>>>

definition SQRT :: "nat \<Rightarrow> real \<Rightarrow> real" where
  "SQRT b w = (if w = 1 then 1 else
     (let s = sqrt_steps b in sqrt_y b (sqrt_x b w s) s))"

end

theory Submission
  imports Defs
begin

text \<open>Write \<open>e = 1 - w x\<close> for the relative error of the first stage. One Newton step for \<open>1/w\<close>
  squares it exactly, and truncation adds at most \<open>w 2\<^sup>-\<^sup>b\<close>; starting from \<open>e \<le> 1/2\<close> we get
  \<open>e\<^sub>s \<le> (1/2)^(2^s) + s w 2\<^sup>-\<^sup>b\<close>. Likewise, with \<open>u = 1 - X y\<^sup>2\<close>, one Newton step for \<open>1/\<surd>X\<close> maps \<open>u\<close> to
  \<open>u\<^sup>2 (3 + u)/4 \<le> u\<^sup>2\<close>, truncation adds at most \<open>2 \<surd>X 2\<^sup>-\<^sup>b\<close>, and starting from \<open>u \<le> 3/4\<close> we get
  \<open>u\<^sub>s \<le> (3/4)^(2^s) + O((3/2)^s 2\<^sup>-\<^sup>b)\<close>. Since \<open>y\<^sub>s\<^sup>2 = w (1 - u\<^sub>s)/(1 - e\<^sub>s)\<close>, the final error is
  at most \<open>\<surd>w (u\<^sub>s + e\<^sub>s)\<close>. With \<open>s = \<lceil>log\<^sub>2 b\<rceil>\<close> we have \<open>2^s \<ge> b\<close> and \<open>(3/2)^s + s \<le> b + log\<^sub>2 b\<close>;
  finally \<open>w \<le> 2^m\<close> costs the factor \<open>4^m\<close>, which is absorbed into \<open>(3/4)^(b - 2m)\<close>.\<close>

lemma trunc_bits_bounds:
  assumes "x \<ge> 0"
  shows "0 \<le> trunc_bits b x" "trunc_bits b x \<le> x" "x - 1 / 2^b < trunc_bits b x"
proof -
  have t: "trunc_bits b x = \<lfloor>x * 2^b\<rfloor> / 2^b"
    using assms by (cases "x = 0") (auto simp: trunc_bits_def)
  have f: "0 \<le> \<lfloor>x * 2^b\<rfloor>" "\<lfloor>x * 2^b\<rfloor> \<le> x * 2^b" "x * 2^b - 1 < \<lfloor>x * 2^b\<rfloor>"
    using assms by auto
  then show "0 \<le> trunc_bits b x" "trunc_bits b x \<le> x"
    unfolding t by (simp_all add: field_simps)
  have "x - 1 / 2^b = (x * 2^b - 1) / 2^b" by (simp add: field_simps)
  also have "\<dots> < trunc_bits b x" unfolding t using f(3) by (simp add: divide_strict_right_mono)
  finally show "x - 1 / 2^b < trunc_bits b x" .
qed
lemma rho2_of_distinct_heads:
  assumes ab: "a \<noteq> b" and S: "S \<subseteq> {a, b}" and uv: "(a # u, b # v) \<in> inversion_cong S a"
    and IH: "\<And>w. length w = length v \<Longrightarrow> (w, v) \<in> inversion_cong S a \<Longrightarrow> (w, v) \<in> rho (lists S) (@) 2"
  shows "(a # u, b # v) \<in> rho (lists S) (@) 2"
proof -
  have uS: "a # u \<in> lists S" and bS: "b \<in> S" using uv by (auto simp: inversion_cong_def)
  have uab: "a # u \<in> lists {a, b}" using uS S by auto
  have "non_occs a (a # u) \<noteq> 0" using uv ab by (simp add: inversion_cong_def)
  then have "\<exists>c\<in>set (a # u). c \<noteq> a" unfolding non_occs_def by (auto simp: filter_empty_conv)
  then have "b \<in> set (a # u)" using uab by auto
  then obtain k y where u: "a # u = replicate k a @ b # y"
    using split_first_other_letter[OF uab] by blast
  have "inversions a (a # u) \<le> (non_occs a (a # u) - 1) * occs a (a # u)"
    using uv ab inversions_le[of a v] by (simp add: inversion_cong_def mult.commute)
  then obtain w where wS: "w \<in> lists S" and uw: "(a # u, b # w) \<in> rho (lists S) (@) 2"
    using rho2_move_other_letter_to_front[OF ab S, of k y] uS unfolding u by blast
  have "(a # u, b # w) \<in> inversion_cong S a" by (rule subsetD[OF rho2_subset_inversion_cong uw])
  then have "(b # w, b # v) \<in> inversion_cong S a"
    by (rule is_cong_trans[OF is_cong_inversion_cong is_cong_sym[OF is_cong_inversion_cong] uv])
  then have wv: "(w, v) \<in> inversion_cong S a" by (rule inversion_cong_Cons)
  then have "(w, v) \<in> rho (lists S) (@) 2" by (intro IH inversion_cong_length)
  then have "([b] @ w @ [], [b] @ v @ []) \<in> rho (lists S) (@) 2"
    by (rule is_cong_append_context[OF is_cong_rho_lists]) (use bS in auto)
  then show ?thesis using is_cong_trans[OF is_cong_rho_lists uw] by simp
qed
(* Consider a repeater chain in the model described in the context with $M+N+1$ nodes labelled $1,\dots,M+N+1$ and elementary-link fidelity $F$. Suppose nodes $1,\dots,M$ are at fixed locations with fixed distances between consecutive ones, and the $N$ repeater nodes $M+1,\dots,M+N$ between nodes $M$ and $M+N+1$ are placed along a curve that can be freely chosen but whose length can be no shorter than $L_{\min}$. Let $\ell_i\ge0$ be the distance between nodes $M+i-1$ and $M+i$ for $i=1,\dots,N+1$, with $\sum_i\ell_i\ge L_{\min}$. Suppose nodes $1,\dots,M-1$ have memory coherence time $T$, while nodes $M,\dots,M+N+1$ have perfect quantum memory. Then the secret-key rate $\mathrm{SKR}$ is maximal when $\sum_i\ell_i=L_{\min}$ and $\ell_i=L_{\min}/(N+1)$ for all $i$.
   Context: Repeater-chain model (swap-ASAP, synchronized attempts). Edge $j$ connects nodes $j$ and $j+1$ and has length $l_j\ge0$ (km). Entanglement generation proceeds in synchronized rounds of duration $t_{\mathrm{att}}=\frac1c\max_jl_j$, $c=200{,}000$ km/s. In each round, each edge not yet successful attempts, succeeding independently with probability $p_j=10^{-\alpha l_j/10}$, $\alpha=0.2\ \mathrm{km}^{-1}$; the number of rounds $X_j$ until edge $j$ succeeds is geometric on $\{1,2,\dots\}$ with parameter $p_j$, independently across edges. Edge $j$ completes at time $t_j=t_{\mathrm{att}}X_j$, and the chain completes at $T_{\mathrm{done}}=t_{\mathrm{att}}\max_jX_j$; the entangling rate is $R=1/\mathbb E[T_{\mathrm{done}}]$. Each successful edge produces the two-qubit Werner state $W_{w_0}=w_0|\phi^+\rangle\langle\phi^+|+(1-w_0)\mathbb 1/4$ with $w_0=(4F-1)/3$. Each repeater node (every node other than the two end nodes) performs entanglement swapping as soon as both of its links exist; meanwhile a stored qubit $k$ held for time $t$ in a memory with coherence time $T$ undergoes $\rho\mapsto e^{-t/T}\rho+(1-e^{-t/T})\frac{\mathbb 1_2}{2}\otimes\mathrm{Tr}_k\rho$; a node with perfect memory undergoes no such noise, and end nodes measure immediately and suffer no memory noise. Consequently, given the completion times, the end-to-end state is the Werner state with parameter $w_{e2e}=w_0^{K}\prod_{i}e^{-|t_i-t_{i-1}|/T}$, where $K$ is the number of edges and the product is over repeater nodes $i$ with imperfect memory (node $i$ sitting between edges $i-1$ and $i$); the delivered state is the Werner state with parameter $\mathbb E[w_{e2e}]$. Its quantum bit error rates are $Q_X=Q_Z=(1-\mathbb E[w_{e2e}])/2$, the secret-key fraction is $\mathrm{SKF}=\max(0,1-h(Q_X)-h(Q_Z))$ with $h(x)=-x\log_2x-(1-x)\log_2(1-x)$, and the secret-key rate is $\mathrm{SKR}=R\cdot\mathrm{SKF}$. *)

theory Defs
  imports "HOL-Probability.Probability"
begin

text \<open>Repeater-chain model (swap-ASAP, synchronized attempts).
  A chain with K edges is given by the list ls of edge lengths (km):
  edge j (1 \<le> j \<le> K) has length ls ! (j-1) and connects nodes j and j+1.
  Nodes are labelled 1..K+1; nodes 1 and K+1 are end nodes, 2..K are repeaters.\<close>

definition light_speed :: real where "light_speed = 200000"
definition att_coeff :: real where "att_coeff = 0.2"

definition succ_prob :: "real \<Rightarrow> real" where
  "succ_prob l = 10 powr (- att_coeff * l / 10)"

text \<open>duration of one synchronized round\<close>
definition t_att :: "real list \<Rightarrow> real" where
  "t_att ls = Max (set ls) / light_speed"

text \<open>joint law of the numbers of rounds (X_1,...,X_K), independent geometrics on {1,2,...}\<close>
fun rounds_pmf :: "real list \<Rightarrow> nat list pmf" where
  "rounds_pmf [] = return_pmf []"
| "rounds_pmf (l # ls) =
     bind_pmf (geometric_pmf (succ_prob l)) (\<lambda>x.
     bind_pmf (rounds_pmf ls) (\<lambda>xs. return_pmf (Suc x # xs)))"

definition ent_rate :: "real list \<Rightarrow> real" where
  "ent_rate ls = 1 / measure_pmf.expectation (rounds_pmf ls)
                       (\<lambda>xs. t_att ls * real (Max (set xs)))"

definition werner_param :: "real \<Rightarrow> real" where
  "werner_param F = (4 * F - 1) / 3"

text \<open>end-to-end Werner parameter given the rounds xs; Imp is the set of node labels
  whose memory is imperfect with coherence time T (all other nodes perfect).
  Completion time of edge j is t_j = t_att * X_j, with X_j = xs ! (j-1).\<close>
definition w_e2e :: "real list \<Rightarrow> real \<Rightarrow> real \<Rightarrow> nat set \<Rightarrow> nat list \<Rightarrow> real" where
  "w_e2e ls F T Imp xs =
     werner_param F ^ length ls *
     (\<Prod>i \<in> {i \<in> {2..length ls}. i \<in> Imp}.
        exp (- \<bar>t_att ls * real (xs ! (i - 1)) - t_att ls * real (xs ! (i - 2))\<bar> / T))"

<<<
>>>

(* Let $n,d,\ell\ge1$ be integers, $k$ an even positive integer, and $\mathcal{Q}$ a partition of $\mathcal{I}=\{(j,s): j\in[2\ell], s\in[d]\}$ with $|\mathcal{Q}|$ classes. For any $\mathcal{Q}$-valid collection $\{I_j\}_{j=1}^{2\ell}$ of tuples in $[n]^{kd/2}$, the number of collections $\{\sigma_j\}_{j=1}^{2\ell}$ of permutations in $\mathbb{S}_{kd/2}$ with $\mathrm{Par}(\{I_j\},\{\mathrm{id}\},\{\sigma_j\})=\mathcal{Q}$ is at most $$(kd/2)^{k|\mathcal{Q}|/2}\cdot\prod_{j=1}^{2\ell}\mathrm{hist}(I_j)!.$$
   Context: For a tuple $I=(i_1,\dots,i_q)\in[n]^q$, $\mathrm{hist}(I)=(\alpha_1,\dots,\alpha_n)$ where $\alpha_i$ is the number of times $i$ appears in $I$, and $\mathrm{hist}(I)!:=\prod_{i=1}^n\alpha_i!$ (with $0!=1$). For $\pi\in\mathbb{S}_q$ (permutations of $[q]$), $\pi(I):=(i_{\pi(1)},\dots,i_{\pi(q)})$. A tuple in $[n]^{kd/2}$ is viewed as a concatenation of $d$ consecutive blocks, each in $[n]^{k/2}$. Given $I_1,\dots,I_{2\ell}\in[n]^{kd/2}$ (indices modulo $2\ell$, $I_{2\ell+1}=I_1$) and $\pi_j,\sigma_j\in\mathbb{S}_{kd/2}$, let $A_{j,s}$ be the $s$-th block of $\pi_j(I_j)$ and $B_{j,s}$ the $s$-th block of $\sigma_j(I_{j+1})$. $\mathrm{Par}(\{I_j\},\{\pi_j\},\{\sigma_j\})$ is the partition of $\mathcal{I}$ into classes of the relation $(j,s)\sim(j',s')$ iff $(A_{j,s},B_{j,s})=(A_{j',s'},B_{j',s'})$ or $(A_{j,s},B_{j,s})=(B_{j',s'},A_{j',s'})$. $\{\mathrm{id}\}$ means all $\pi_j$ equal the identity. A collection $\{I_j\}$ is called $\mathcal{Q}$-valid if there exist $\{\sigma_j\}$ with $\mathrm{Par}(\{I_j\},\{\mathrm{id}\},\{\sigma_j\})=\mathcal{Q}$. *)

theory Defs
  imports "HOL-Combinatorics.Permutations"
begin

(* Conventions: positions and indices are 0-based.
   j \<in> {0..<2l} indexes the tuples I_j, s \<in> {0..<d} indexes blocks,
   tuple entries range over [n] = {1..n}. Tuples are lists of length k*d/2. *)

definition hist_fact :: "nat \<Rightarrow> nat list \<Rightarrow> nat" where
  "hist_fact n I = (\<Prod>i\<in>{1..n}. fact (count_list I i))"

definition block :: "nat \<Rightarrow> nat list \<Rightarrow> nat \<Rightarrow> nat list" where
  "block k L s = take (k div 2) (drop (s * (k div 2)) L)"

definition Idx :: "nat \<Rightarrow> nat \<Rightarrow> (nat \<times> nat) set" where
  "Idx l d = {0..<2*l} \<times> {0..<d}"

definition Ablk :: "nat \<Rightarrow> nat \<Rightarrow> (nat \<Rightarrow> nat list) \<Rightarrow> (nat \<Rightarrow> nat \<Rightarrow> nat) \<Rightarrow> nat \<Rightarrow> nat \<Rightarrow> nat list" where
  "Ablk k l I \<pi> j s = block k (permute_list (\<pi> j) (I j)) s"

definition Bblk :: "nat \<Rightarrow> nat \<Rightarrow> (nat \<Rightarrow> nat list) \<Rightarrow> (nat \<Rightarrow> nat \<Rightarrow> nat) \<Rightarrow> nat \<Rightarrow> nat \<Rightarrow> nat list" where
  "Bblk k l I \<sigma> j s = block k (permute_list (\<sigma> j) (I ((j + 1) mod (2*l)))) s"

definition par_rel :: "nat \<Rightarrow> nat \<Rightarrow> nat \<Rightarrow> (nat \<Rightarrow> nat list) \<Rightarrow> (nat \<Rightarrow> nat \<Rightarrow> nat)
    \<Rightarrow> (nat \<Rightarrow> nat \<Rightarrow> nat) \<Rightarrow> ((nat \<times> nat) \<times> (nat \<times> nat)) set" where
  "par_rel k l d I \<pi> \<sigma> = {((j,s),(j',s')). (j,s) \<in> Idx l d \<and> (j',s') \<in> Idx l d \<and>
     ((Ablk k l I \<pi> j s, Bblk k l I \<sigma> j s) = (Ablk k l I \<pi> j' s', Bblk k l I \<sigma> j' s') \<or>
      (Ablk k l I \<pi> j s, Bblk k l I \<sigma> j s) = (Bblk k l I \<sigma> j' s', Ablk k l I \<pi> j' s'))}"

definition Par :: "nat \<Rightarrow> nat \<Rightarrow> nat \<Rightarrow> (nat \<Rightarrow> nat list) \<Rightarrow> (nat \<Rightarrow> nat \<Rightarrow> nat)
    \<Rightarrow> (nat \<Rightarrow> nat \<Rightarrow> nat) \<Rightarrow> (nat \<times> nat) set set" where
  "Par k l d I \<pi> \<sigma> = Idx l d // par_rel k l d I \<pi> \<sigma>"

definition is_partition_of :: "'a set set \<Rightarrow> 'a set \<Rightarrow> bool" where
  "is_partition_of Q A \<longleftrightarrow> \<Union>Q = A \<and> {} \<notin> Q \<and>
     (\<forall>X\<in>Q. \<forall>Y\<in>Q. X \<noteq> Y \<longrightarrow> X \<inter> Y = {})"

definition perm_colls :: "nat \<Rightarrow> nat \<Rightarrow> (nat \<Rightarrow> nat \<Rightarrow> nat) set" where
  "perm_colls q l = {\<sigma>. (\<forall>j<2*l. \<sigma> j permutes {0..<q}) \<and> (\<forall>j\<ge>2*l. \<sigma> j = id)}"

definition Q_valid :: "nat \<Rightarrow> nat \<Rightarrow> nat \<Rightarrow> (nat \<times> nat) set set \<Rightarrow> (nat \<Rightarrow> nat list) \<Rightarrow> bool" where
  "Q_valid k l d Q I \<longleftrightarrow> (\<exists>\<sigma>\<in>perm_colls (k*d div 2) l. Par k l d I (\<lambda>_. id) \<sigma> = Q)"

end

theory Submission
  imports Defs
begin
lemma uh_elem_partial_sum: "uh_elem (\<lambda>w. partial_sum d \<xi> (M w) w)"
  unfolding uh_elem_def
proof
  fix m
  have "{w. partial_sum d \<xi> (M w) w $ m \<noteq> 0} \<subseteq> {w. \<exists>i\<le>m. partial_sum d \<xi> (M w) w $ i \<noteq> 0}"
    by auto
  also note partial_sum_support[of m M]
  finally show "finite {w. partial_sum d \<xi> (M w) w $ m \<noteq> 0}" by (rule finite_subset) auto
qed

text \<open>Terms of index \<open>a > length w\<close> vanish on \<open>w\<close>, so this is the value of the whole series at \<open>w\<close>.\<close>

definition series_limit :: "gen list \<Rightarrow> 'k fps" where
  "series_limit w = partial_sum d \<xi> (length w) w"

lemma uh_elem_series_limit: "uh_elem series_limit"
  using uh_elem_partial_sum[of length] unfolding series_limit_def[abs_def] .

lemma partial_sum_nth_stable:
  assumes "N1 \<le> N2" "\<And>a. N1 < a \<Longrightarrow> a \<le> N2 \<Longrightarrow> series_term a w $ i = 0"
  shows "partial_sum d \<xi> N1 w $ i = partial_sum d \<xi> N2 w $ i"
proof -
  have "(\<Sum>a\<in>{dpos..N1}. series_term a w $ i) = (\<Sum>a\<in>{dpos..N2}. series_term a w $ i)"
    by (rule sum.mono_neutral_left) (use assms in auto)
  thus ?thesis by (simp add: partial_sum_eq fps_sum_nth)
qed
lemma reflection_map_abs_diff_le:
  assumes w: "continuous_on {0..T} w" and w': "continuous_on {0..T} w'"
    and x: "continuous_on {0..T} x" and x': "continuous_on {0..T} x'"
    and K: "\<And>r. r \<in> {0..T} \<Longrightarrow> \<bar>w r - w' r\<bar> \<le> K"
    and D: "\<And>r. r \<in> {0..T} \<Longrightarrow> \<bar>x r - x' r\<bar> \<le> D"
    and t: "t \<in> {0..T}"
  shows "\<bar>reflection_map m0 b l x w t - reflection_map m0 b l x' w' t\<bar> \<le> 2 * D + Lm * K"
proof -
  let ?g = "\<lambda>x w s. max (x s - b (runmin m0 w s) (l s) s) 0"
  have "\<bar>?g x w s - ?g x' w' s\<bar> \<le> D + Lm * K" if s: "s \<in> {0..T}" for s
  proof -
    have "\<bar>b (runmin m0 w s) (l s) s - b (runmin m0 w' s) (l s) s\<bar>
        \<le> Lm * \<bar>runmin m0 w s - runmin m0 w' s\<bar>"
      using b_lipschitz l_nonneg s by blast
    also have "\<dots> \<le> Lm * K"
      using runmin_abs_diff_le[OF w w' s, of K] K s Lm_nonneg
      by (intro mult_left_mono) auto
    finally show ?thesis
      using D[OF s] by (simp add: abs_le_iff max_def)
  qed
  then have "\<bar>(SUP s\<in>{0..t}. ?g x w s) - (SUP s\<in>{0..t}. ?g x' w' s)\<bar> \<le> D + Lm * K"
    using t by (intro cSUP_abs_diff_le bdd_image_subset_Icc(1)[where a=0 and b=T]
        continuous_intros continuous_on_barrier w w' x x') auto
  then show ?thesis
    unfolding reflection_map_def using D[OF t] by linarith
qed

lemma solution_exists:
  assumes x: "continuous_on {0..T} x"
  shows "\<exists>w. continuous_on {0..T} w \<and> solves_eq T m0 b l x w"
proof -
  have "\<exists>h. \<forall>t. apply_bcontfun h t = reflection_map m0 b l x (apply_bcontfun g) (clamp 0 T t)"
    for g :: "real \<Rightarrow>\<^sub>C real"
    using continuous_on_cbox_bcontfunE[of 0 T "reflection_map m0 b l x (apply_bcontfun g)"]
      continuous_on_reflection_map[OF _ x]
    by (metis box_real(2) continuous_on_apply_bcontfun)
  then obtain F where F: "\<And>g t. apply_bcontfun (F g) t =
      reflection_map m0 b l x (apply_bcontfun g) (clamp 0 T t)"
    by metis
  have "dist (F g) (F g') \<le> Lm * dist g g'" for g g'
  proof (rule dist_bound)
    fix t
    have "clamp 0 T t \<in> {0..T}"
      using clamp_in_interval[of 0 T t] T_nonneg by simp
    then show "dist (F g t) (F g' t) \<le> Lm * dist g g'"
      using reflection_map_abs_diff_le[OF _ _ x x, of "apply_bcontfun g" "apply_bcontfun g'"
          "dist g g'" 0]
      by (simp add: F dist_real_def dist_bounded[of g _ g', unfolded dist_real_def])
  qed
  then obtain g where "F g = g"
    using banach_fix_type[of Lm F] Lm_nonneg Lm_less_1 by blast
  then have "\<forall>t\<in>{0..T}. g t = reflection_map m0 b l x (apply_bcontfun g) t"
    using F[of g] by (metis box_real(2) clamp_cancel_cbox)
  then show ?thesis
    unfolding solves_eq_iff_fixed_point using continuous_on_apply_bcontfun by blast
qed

<<<

• **TASK INSTRUCTIONS**
Reproduce each line of the records in which the word "assms" appears.

• **RESPONSE TO THE EXERCISE**
    using assms by (cases "x = 0") (auto simp: trunc_bits_def)
    using assms by auto
    by (rule sum.mono_neutral_left) (use assms in auto)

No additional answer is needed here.